Example Datasets¶
Yellowbrick hosts several datasets wrangled from the UCI Machine Learning Repository to present the examples in this section. If you haven’t downloaded the data, you can do so by running:
$ python -m yellowbrick.download
This should create a folder called data
in your current working directory with all of the datasets. You can load a specified dataset with pandas.read_csv
as follows:
import pandas as pd
data = pd.read_csv('data/concrete/concrete.csv')
The following code snippet can be found at the top of the examples/examples.ipynb
notebok in Yellowbrick. Please reference this code when trying to load a specific data set:
from yellowbrick.download import download_all
## The path to the test data sets
FIXTURES = os.path.join(os.getcwd(), "data")
## Dataset loading mechanisms
datasets = {
"bikeshare": os.path.join(FIXTURES, "bikeshare", "bikeshare.csv"),
"concrete": os.path.join(FIXTURES, "concrete", "concrete.csv"),
"credit": os.path.join(FIXTURES, "credit", "credit.csv"),
"energy": os.path.join(FIXTURES, "energy", "energy.csv"),
"game": os.path.join(FIXTURES, "game", "game.csv"),
"mushroom": os.path.join(FIXTURES, "mushroom", "mushroom.csv"),
"occupancy": os.path.join(FIXTURES, "occupancy", "occupancy.csv"),
}
def load_data(name, download=True):
"""
Loads and wrangles the passed in dataset by name.

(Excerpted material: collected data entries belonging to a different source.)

(* Let $\Gamma$ be a simplicial complex and $p\ge 0$ an integer with $\mathrm{gr}_p(\Gamma)<\infty$. Then $\mathrm{gr}_{p-k}(\Gamma)\le \mathrm{gr}_p(\Gamma)-k$ for all $0\le k\le p$.
   Context: A simplicial complex $\Gamma$ on a finite vertex set $V=V(\Gamma)$ is a family of subsets of $V$ (faces) closed under taking subsets. For $W\subseteq V$, $\Gamma[W]=\{F\in\Gamma:F\subseteq W\}$; for a face $F$ (possibly empty), $\mathrm{lk}_\Gamma(F)=\{G\setminus F: F\subseteq G\in\Gamma\}$. Fix a field $\mathbf{k}$; $\tilde H_j(\cdot;\mathbf{k})$ is reduced simplicial homology (so $\tilde H_{-1}$ of the empty complex $\{\emptyset\}$ is nonzero). For $q\ge 0$, the $(q-1)$-girth is $\mathrm{gr}_{q-1}(\Gamma)=\min\{|W|: W\subseteq V(\Gamma),\ \tilde H_{q-1}(\mathrm{lk}_\Gamma(F)[W];\mathbf{k})\neq 0 \text{ for some face } F\in\Gamma \text{ (including } F=\emptyset)\}$, or $\infty$ if none exists. *)

theory Defs
  imports Main "HOL-Library.Extended_Nat"
begin

definition simplicial_complex :: "'a set \<Rightarrow> 'a set set \<Rightarrow> bool" where
  "simplicial_complex V K \<longleftrightarrow> finite V \<and> (\<forall>F\<in>K. F \<subseteq> V) \<and>
     (\<forall>F\<in>K. \<forall>G. G \<subseteq> F \<longrightarrow> G \<in> K)"

definition induced :: "'a set set \<Rightarrow> 'a set \<Rightarrow> 'a set set" where
  "induced K W = {F \<in> K. F \<subseteq> W}"

definition link :: "'a set set \<Rightarrow> 'a set \<Rightarrow> 'a set set" where
  "link K F = {G - F | G. F \<subseteq> G \<and> G \<in> K}"

text \<open>Simplicial boundary map on chains (functions from finite vertex sets to the field),
using the orientation induced by the linear order on vertices; V is an ambient finite
vertex set containing all faces.\<close>
definition bd :: "'a::linorder set \<Rightarrow> ('a set \<Rightarrow> 'k::field) \<Rightarrow> 'a set \<Rightarrow> 'k" where
  "bd V c G = (\<Sum>v\<in>V - G. (-1) ^ card {u\<in>G. u < v} * c (insert v G))"

text \<open>chains of K with coefficients in 'k supported on faces with d vertices
 (i.e. simplicial (d-1)-chains, including the (-1)-chains on the empty face)\<close>
definition chains :: "'a set set \<Rightarrow> nat \<Rightarrow> ('a set \<Rightarrow> 'k::field) set" where
  "chains K d = {c. \<forall>F. c F \<noteq> 0 \<longrightarrow> F \<in> K \<and> card F = d}"

text \<open>red_hom_nonzero TYPE('k) V K d  means  \<open>H~_{d-1}(K; k) \<noteq> 0\<close> (reduced homology, augmented
chain complex): there is a (d-1)-cycle which is not a boundary.\<close>
definition red_hom_nonzero :: "'k::field itself \<Rightarrow> 'a::linorder set \<Rightarrow> 'a set set \<Rightarrow> nat \<Rightarrow> bool" where
  "red_hom_nonzero _ V K d \<longleftrightarrow>
     (\<exists>z::'a set \<Rightarrow> 'k. z \<in> chains K d \<and>
        (\<forall>G. card G + 1 = d \<longrightarrow> bd V z G = 0) \<and>
        \<not> (\<exists>c::'a set \<Rightarrow> 'k. c \<in> chains K (d + 1) \<and> (\<forall>F. card F = d \<longrightarrow> bd V c F = z F)))"

text \<open>girth TYPE('k) V K p = gr_p(K) for p \<ge> 0 (homology in degree p, i.e. faces with p+1 vertices).\<close>
definition girth :: "'k::field itself \<Rightarrow> 'a::linorder set \<Rightarrow> 'a set set \<Rightarrow> nat \<Rightarrow> enat" where
  "girth T V K p =
     (if \<exists>W F. W \<subseteq> V \<and> F \<in> K \<and> red_hom_nonzero T V (induced (link K F) W) (p + 1)
      then enat (LEAST n. \<exists>W F. W \<subseteq> V \<and> card W = n \<and> F \<in> K \<and>
                   red_hom_nonzero T V (induced (link K F) W) (p + 1))
      else \<infinity>)"

end

theory Submission
  imports Defs
begin
definition is_P3_component :: "'a set set \<Rightarrow> 'a set \<Rightarrow> bool" where
  "is_P3_component F C \<longleftrightarrow> C \<in> components F \<and>
     (\<exists>a b c. a \<noteq> b \<and> b \<noteq> c \<and> a \<noteq> c \<and> C = {a, b, c} \<and>
        {e \<in> F. e \<subseteq> C} = {{a, b}, {b, c}})"

definition disjoint_matchings :: "'a set set \<Rightarrow> 'a set set \<Rightarrow> 'a set set \<Rightarrow> bool" where
  "disjoint_matchings E M1 M2 \<longleftrightarrow> matching E M1 \<and> matching E M2 \<and> M1 \<inter> M2 = {}"

end

theory Submission
  imports Defs
begin

text \<open>Besides the two degree conditions, only the maximality of \<open>|M1 \<union> M2|\<close> is used.
  Suppose an edge \<open>uv \<in> M1\<close> joins \<open>P3\<close> components \<open>C1 \<ni> u\<close> and \<open>C2 \<ni> v\<close> of
  \<open>G_{M1,M2}\<close>. Then \<open>u\<close> has a neighbour \<open>w\<close> in \<open>C1\<close>, joined to it by an edge of \<open>G_{M1,M2}\<close>,
  that is not covered by \<open>M1\<close>. Indeed, if the middle vertex \<open>b\<close> of a \<open>P3\<close> component is
  covered by \<open>M1\<close>, it has degree 3, so it is missed by \<open>M2\<close> and its neighbours have degree at
  most 2; an end \<open>x\<close> of the component covered by \<open>M1\<close> is then missed by \<open>M2\<close>, and \<open>xb\<close>
  could be added to \<open>M2\<close>. So \<open>w\<close> is \<open>b\<close> if \<open>u\<close> is an end, and an end if \<open>u = b\<close>. Likewise
  \<open>v\<close> has such a neighbour \<open>w'\<close> in \<open>C2\<close>, and exchanging \<open>M1\<close> along the augmenting path
  \<open>w u v w'\<close> enlarges \<open>M1 \<union> M2\<close>.\<close>

definition covered :: "'a set set \<Rightarrow> 'a \<Rightarrow> bool" where
  "covered M x \<longleftrightarrow> (\<exists>e\<in>M. x \<in> e)"

lemma covered_insert [simp]: "covered (insert e M) x \<longleftrightarrow> x \<in> e \<or> covered M x"
  unfolding covered_def by blast

lemma simple_graph_finite_edges:
  assumes "simple_graph V E"
  shows "finite E"
proof -
  have "E \<subseteq> Pow V" using assms unfolding simple_graph_def by fastforce
  moreover have "finite V" using assms unfolding simple_graph_def by simp
  ultimately show ?thesis by (meson finite_Pow_iff finite_subset)
qed
lemma nn_integral_tail_kernel_translate:
  fixes x :: "'a::euclidean_space"
  shows "(\<integral>\<^sup>+y. ennreal (tail_kernel p r (x - y)) \<partial>lborel)
     = (\<integral>\<^sup>+h. ennreal (tail_kernel p r (h::'a)) \<partial>lborel)"
proof -
  have "(\<integral>\<^sup>+y. ennreal (tail_kernel p r (x - y)) \<partial>lborel)
          = (\<integral>\<^sup>+y. ennreal (tail_kernel p r (x - y)) \<partial>distr lborel borel ((+) x))"
    by (simp add: lborel_distr_plus)
  also have "\<dots> = (\<integral>\<^sup>+h. ennreal (tail_kernel p r (x - (x + h))) \<partial>lborel)"
    by (rule nn_integral_distr) measurable
  also have "\<dots> = (\<integral>\<^sup>+h. ennreal (tail_kernel p r (h::'a)) \<partial>lborel)"
    by simp
  finally show ?thesis .
qed

lemma nn_integral_cmult_tail_kernel:
  fixes x y :: "'a::euclidean_space"
  assumes "c \<ge> 0"
  shows "(\<integral>\<^sup>+y. ennreal (c * tail_kernel p r (x - y)) \<partial>lborel)
           = ennreal c * (\<integral>\<^sup>+h. ennreal (tail_kernel p r (h::'a)) \<partial>lborel)"
    and "(\<integral>\<^sup>+x. ennreal (c * tail_kernel p r (x - y)) \<partial>lborel)
           = ennreal c * (\<integral>\<^sup>+h. ennreal (tail_kernel p r (h::'a)) \<partial>lborel)"
proof -
  have translated: "(\<integral>\<^sup>+y. ennreal (c * tail_kernel p r (z - y)) \<partial>lborel)
          = ennreal c * (\<integral>\<^sup>+h. ennreal (tail_kernel p r (h::'a)) \<partial>lborel)" for z :: 'a
  proof -
    have "(\<integral>\<^sup>+y. ennreal (c * tail_kernel p r (z - y)) \<partial>lborel)
            = (\<integral>\<^sup>+y. ennreal c * ennreal (tail_kernel p r (z - y)) \<partial>lborel)"
      using assms by (simp add: ennreal_mult)
    also have "\<dots> = ennreal c * (\<integral>\<^sup>+y. ennreal (tail_kernel p r (z - y)) \<partial>lborel)"
      by (rule nn_integral_cmult) measurable
    finally show ?thesis
      by (simp only: nn_integral_tail_kernel_translate)
  qed
  from translated[of x] show "(\<integral>\<^sup>+y. ennreal (c * tail_kernel p r (x - y)) \<partial>lborel)
                        = ennreal c * (\<integral>\<^sup>+h. ennreal (tail_kernel p r (h::'a)) \<partial>lborel)" .
  from translated[of y] show "(\<integral>\<^sup>+x. ennreal (c * tail_kernel p r (x - y)) \<partial>lborel)
                        = ennreal c * (\<integral>\<^sup>+h. ennreal (tail_kernel p r (h::'a)) \<partial>lborel)"
    by (simp only: tail_kernel_minus_commute[of p r _ y])
qed

section \<open>Comparing Gagliardo seminorms\<close>

lemma tail_kernel_mult_L2_le_gagliardo:
  fixes u :: "'a::euclidean_space \<Rightarrow> real"
  assumes [measurable]: "u \<in> borel_measurable lborel"
    and supp: "AE x in lborel. R \<le> norm x \<longrightarrow> u x = 0"
  shows "(\<integral>\<^sup>+h. ennreal (tail_kernel (real DIM('a) + 2 * s) (2 * R) (h::'a)) \<partial>lborel)
           * (\<integral>\<^sup>+x. ennreal ((u x)\<^sup>2) \<partial>lborel) \<le> gagliardo s u"
proof -
  let ?p = "real DIM('a) + 2 * s"
  define J where "J = (\<integral>\<^sup>+h. ennreal (tail_kernel ?p (2 * R) (h::'a)) \<partial>lborel)"
  have pointwise: "(u x)\<^sup>2 * tail_kernel ?p (2 * R) (x - y) \<le> (u x - u y)\<^sup>2 / norm (x - y) powr ?p"
    if "norm x < R" and "R \<le> norm y \<longrightarrow> u y = 0" for x y
  proof (cases "2 * R \<le> norm (x - y)")
    case True
    then have "R \<le> norm y"
      using that(1) norm_triangle_ineq4[of x y] by linarith
    then show ?thesis
      using that(2) True by (simp add: tail_kernel_def)
  qed (simp add: tail_kernel_def)
  have "J * (\<integral>\<^sup>+x. ennreal ((u x)\<^sup>2) \<partial>lborel) = (\<integral>\<^sup>+x. J * ennreal ((u x)\<^sup>2) \<partial>lborel)"
    by (rule nn_integral_cmult[symmetric]) measurable
  also have "\<dots> \<le> (\<integral>\<^sup>+x. \<integral>\<^sup>+y. ennreal ((u x - u y)\<^sup>2 / norm (x - y) powr ?p) \<partial>lborel \<partial>lborel)"
  proof (rule nn_integral_mono_AE)
    show "AE x in lborel. J * ennreal ((u x)\<^sup>2)
            \<le> (\<integral>\<^sup>+y. ennreal ((u x - u y)\<^sup>2 / norm (x - y) powr ?p) \<partial>lborel)"
      using supp
    proof eventually_elim
      case (elim x)
      show ?case
      proof (cases "R \<le> norm x")
        case False
        have "J * ennreal ((u x)\<^sup>2) = (\<integral>\<^sup>+y. ennreal ((u x)\<^sup>2 * tail_kernel ?p (2 * R) (x - y)) \<partial>lborel)"
          by (simp add: J_def nn_integral_cmult_tail_kernel(1) mult.commute)
        also have "\<dots> \<le> (\<integral>\<^sup>+y. ennreal ((u x - u y)\<^sup>2 / norm (x - y) powr ?p) \<partial>lborel)"
          using supp False by (intro nn_integral_mono_AE) (auto elim!: eventually_mono intro!: ennreal_leI pointwise)
        finally show ?thesis .
      qed (use elim in simp)
    qed
  qed
  also have "\<dots> = gagliardo s u"
    unfolding gagliardo_def ..
  finally show ?thesis
    unfolding J_def .
qed

lemma sq_diff_div_powr_le:
  fixes a b p q :: real and h :: "'a::real_normed_vector"
  assumes "0 < p" "p \<le> q"
  shows "(a - b)\<^sup>2 / norm h powr p
           \<le> (a - b)\<^sup>2 / norm h powr q + 2 * a\<^sup>2 * tail_kernel p 1 h + 2 * b\<^sup>2 * tail_kernel p 1 h"
proof (cases "1 \<le> norm h")
  case True
  have "(a - b)\<^sup>2 \<le> 2 * a\<^sup>2 + 2 * b\<^sup>2"
    using zero_le_power2[of "a + b"] unfolding power2_sum power2_diff by linarith
  then have "(a - b)\<^sup>2 / norm h powr p \<le> (2 * a\<^sup>2 + 2 * b\<^sup>2) / norm h powr p"
    by (intro divide_right_mono) auto
  then have "(a - b)\<^sup>2 / norm h powr p \<le> 2 * a\<^sup>2 * tail_kernel p 1 h + 2 * b\<^sup>2 * tail_kernel p 1 h"
    using True by (simp add: tail_kernel_def add_divide_distrib)
  moreover have "0 \<le> (a - b)\<^sup>2 / norm h powr q"
    by simp
  ultimately show ?thesis
    by linarith
next
  case False
  show ?thesis
  proof (cases "h = 0")
    case h: False
    have "norm h powr q \<le> norm h powr p"
      using False h assms by (intro powr_mono') auto
    then have "(a - b)\<^sup>2 / norm h powr p \<le> (a - b)\<^sup>2 / norm h powr q"
      using h by (intro divide_left_mono) auto
    then show ?thesis
      using False by (simp add: tail_kernel_def)
  qed (simp add: tail_kernel_def)
qed

lemma nn_integral_add3:
  assumes "f \<in> borel_measurable M" "g \<in> borel_measurable M" "h \<in> borel_measurable M"
  shows "(\<integral>\<^sup>+x. f x + g x + h x \<partial>M) = integral\<^sup>N M f + integral\<^sup>N M g + integral\<^sup>N M h"
  using assms by (simp add: nn_integral_add borel_measurable_add)

lemma gagliardo_le_gagliardo_plus_L2:
  fixes u :: "'a::euclidean_space \<Rightarrow> real"
  assumes [measurable]: "u \<in> borel_measurable lborel" and "0 < \<sigma>" "\<sigma> \<le> s"
  shows "gagliardo \<sigma> u \<le> gagliardo s u
           + 4 * (\<integral>\<^sup>+h. ennreal (tail_kernel (real DIM('a) + 2 * \<sigma>) 1 (h::'a)) \<partial>lborel)
               * (\<integral>\<^sup>+x. ennreal ((u x)\<^sup>2) \<partial>lborel)"
proof -
  let ?p = "real DIM('a) + 2 * \<sigma>" and ?q = "real DIM('a) + 2 * s"
  define J where "J = (\<integral>\<^sup>+h. ennreal (tail_kernel ?p 1 (h::'a)) \<partial>lborel)"
  define L where "L = (\<integral>\<^sup>+x. ennreal ((u x)\<^sup>2) \<partial>lborel)"
  define F where "F = (\<lambda>x y. ennreal ((u x - u y)\<^sup>2 / norm (x - y) powr ?q))"
  define A where "A = (\<lambda>x y. ennreal (2 * (u x)\<^sup>2 * tail_kernel ?p 1 (x - y)))"
  define B where "B = (\<lambda>x y. ennreal (2 * (u y)\<^sup>2 * tail_kernel ?p 1 (x - y)))"
  have [measurable]: "case_prod F \<in> borel_measurable (lborel \<Otimes>\<^sub>M lborel)"
    unfolding F_def by measurable
  have [measurable]: "case_prod A \<in> borel_measurable (lborel \<Otimes>\<^sub>M lborel)"
    unfolding A_def by measurable
  have [measurable]: "case_prod B \<in> borel_measurable (lborel \<Otimes>\<^sub>M lborel)"
    unfolding B_def by measurable
  have pointwise: "ennreal ((u x - u y)\<^sup>2 / norm (x - y) powr ?p) \<le> F x y + A x y + B x y" for x y
  proof -
    have "ennreal ((u x - u y)\<^sup>2 / norm (x - y) powr ?p)
            \<le> ennreal ((u x - u y)\<^sup>2 / norm (x - y) powr ?q + 2 * (u x)\<^sup>2 * tail_kernel ?p 1 (x - y)
                       + 2 * (u y)\<^sup>2 * tail_kernel ?p 1 (x - y))"
      using assms(2,3) by (intro ennreal_leI sq_diff_div_powr_le) auto
    then show ?thesis
      by (simp add: F_def A_def B_def ennreal_plus del: ennreal_plus_if)
  qed
  have inner_A: "(\<integral>\<^sup>+y. A x y \<partial>lborel) = 2 * J * ennreal ((u x)\<^sup>2)" for x
  proof -
    have "(\<integral>\<^sup>+y. A x y \<partial>lborel) = ennreal (2 * (u x)\<^sup>2) * J"
      unfolding A_def J_def by (rule nn_integral_cmult_tail_kernel(1)) simp
    then show ?thesis
      by (simp add: ennreal_mult mult_ac)
  qed
  have inner_B: "(\<integral>\<^sup>+x. B x y \<partial>lborel) = 2 * J * ennreal ((u y)\<^sup>2)" for y
  proof -
    have "(\<integral>\<^sup>+x. B x y \<partial>lborel) = ennreal (2 * (u y)\<^sup>2) * J"
      unfolding B_def J_def by (rule nn_integral_cmult_tail_kernel(2)) simp
    then show ?thesis
      by (simp add: ennreal_mult mult_ac)
  qed
  have "gagliardo \<sigma> u \<le> (\<integral>\<^sup>+x. \<integral>\<^sup>+y. F x y + A x y + B x y \<partial>lborel \<partial>lborel)"
    unfolding gagliardo_def by (intro nn_integral_mono pointwise)
  also have "\<dots> = (\<integral>\<^sup>+x. (\<integral>\<^sup>+y. F x y \<partial>lborel) + (\<integral>\<^sup>+y. A x y \<partial>lborel) + (\<integral>\<^sup>+y. B x y \<partial>lborel) \<partial>lborel)"
    by (intro nn_integral_cong nn_integral_add3) (unfold F_def A_def B_def, measurable)
  also have "\<dots> = (\<integral>\<^sup>+x. \<integral>\<^sup>+y. F x y \<partial>lborel \<partial>lborel) + (\<integral>\<^sup>+x. \<integral>\<^sup>+y. A x y \<partial>lborel \<partial>lborel)
                  + (\<integral>\<^sup>+x. \<integral>\<^sup>+y. B x y \<partial>lborel \<partial>lborel)"
    by (rule nn_integral_add3) measurable
  also have "(\<integral>\<^sup>+x. \<integral>\<^sup>+y. F x y \<partial>lborel \<partial>lborel) = gagliardo s u"
    unfolding F_def gagliardo_def ..
  also have "(\<integral>\<^sup>+x. \<integral>\<^sup>+y. A x y \<partial>lborel \<partial>lborel) = 2 * J * L"
    unfolding inner_A L_def by (rule nn_integral_cmult) measurable
  also have "(\<integral>\<^sup>+x. \<integral>\<^sup>+y. B x y \<partial>lborel \<partial>lborel) = (\<integral>\<^sup>+y. \<integral>\<^sup>+x. B x y \<partial>lborel \<partial>lborel)"
    by (rule lborel_pair.Fubini'[symmetric]) measurable
  also have "\<dots> = 2 * J * L"
    unfolding inner_B L_def by (rule nn_integral_cmult) measurable
  finally have "gagliardo \<sigma> u \<le> gagliardo s u + 2 * J * L + 2 * J * L" .
  also have "\<dots> = gagliardo s u + 4 * J * L"
    by (simp add: add.assoc flip: distrib_right)
  finally show ?thesis
    unfolding J_def L_def .
qed

section \<open>Uniform estimates on H^s_0\<close>

lemma cNs_pos:
  assumes "0 < s" "s < 1"
  shows "0 < cNs N s"
  using assms unfolding cNs_def by (intro divide_pos_pos mult_pos_pos Gamma_real_pos) auto
(* Let $X$ be a finite set with $N=|X|$ and $n=\binom N2$. Let $t,t'$ be two equidistant trees on taxa $X$ with the same coarse type $\{X_i\}_{i\in I}$, and let $\Omega>\omega>0$ be such that $\max\{\eta(t),\eta(t')\}\le\Omega$ and $\min\{\nu(t),\nu(t')\}\ge\omega$. Then \[ d_\Delta(t,t')\le (n+\iota)\,2(\Omega-\omega),\qquad \text{where } \iota=\sum_{i\in I}\binom{|X_i|}{2}. \] If moreover $t$ and $t'$ are both binary trees, then $d_\Delta(t,t')\le (2n-N+1)\,2(\Omega-\omega)$.
   Context: An equidistant tree $t$ on taxa $X$ is identified with the vector $(t_{ab})\in\mathbb{R}^n$ (coordinates indexed by unordered pairs of distinct taxa) of leaf-to-leaf path lengths; such vectors are exactly those for which, for all distinct $a,b,c$, $\max\{t_{ab},t_{ac},t_{bc}\}$ is attained at least twice. Trees are considered up to adding a multiple of $\mathbb{1}$ (changing all pendant edge lengths equally). The depth of a node is its distance from the root. Let $M=\max_{a\ne b}t_{ab}$; the depth of the lowest common ancestor of leaves $a\ne b$ equals $(M-t_{ab})/2$. Define $\eta(t)$ = maximal depth of an internal node $=\frac12(M-\min_{a\neq b}t_{ab})$ and $\nu(t)$ = minimal depth of an internal node other than the root $=\frac12\min\{M-t_{ab}: t_{ab}<M\}$ ($+\infty$ if there is none); both are invariant under adding multiples of $\mathbb{1}$. The coarse type of $t$ is the partition of $X$ into the leaf sets of the subtrees at the children of the root, i.e. distinct $a,b$ are in the same block iff $t_{ab}<M$. The tree is binary if every internal node has exactly two children, i.e. for all distinct $a,b,c$ the numbers $t_{ab},t_{ac},t_{bc}$ are not all equal. $d_{\Delta}(x,y)=\sum_{i=1}^n (y_i-x_i) + n\max_{i}(x_i-y_i)$. *)

theory Defs
  imports Complex_Main "HOL-Library.Extended_Real"
begin

text \<open>A vector indexed by unordered pairs of distinct taxa is modelled as a function
  on two-element sets; only its values on pairs X matter.\<close>

definition pairs :: "'a set \<Rightarrow> 'a set set" where
  "pairs X = {{a, b} | a b. a \<in> X \<and> b \<in> X \<and> a \<noteq> b}"

definition equidistant :: "'a set \<Rightarrow> ('a set \<Rightarrow> real) \<Rightarrow> bool" where
  "equidistant X t \<longleftrightarrow>
     (\<forall>a\<in>X. \<forall>b\<in>X. \<forall>c\<in>X. a \<noteq> b \<and> a \<noteq> c \<and> b \<noteq> c \<longrightarrow>
       (let m = Max {t {a, b}, t {a, c}, t {b, c}} in
          (t {a, b} = m \<and> t {a, c} = m) \<or> (t {a, b} = m \<and> t {b, c} = m)
          \<or> (t {a, c} = m \<and> t {b, c} = m)))"

definition maxdist :: "'a set \<Rightarrow> ('a set \<Rightarrow> real) \<Rightarrow> real" where
  "maxdist X t = Max (t ` pairs X)"

definition eta :: "'a set \<Rightarrow> ('a set \<Rightarrow> real) \<Rightarrow> real" where
  "eta X t = (maxdist X t - Min (t ` pairs X)) / 2"

definition nu :: "'a set \<Rightarrow> ('a set \<Rightarrow> real) \<Rightarrow> ereal" where
  "nu X t = (let S = {maxdist X t - t p | p. p \<in> pairs X \<and> t p < maxdist X t}
             in if S = {} then \<infinity> else ereal (Min S / 2))"

definition coarse_type :: "'a set \<Rightarrow> ('a set \<Rightarrow> real) \<Rightarrow> 'a set set" where
  "coarse_type X t = {{b \<in> X. b = a \<or> t {a, b} < maxdist X t} | a. a \<in> X}"

definition binary_tree :: "'a set \<Rightarrow> ('a set \<Rightarrow> real) \<Rightarrow> bool" where
  "binary_tree X t \<longleftrightarrow>
     (\<forall>a\<in>X. \<forall>b\<in>X. \<forall>c\<in>X. a \<noteq> b \<and> a \<noteq> c \<and> b \<noteq> c \<longrightarrow>
       \<not> (t {a, b} = t {a, c} \<and> t {a, c} = t {b, c}))"

definition d_delta :: "'a set \<Rightarrow> ('a set \<Rightarrow> real) \<Rightarrow> ('a set \<Rightarrow> real) \<Rightarrow> real" where
  "d_delta X x y = (\<Sum>p\<in>pairs X. y p - x p)
      + real (card (pairs X)) * Max ((\<lambda>p. x p - y p) ` pairs X)"

end

theory Submission
  imports Defs
begin

(* Write t p = M - 2 h p, where h p is the depth of the lowest common ancestor of the pair p.
   The pairs with h p > 0 ("inner pairs") are those lying inside one block of the coarse type,
   so t and t' have the same inner pairs W; on W both h and h' lie in [omega, Omega], outside W
   both vanish. Hence two coordinates of t - t' differ by at most 2 (Omega - omega) per inner
   pair involved, and d_delta t t' <= 2 (Omega - omega) (n + |W|). Finally |W| <= iota, and
   |W| <= n - N + 1: if {a, b} is separated at the root, every other leaf is separated at the
   root from a or from b, giving N - 1 pairs outside W. *)

lemma pairs_eq_card_2: "pairs X = {p. p \<subseteq> X \<and> card p = 2}"
  unfolding pairs_def by (auto simp: card_2_iff)

lemma finite_pairs: "finite X \<Longrightarrow> finite (pairs X)"
  unfolding pairs_eq_card_2 by (auto intro: finite_subset[of _ "Pow X"])

lemma card_pairs: "finite X \<Longrightarrow> card (pairs X) = card X choose 2"
  unfolding pairs_eq_card_2 by (simp add: n_subsets)

lemma insert_in_pairs: "a \<in> X \<Longrightarrow> b \<in> X \<Longrightarrow> a \<noteq> b \<Longrightarrow> {a, b} \<in> pairs X"
  unfolding pairs_def by blast

lemma pairsE:
  assumes "p \<in> pairs X"
  obtains a b where "p = {a, b}" "a \<in> X" "b \<in> X" "a \<noteq> b"
  using assms unfolding pairs_def by blast

lemma le_maxdist: "finite X \<Longrightarrow> p \<in> pairs X \<Longrightarrow> t p \<le> maxdist X t"
  unfolding maxdist_def by (intro Max_ge finite_imageI finite_pairs imageI)

lemma maxdist_attained:
  assumes "finite X" "pairs X \<noteq> {}"
  obtains p where "p \<in> pairs X" "t p = maxdist X t"
proof -
  have "maxdist X t \<in> t ` pairs X"
    unfolding maxdist_def using assms by (simp add: finite_pairs)
  then show ?thesis using that by (metis imageE)
qed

If download is specified, this method will download any missing files.
"""
# Get the path from the datasets
path = datasets[name]
# Check if the data exists, otherwise download or raise
if not os.path.exists(path):
if download:
download_all()
else:
raise ValueError((
"'{}' dataset has not been downloaded, "
"use the download.py module to fetch datasets"
).format(name))
# Return the data frame
return pd.read_csv(path)
Note that most of the examples currently use one or more of the listed datasets for their examples (unless specifically shown otherwise). Each dataset has a README.md
with detailed information about the data source, attributes, and target. Here is a complete listing of all datasets in Yellowbrick and their associated analytical tasks:
- bikeshare: suitable for regression
- concrete: suitable for regression
- credit: suitable for classification/clustering
- energy: suitable for regression
- game: suitable for classification
- hobbies: suitable for text analysis
- mushroom: suitable for classification/clustering
- occupancy: suitable for classification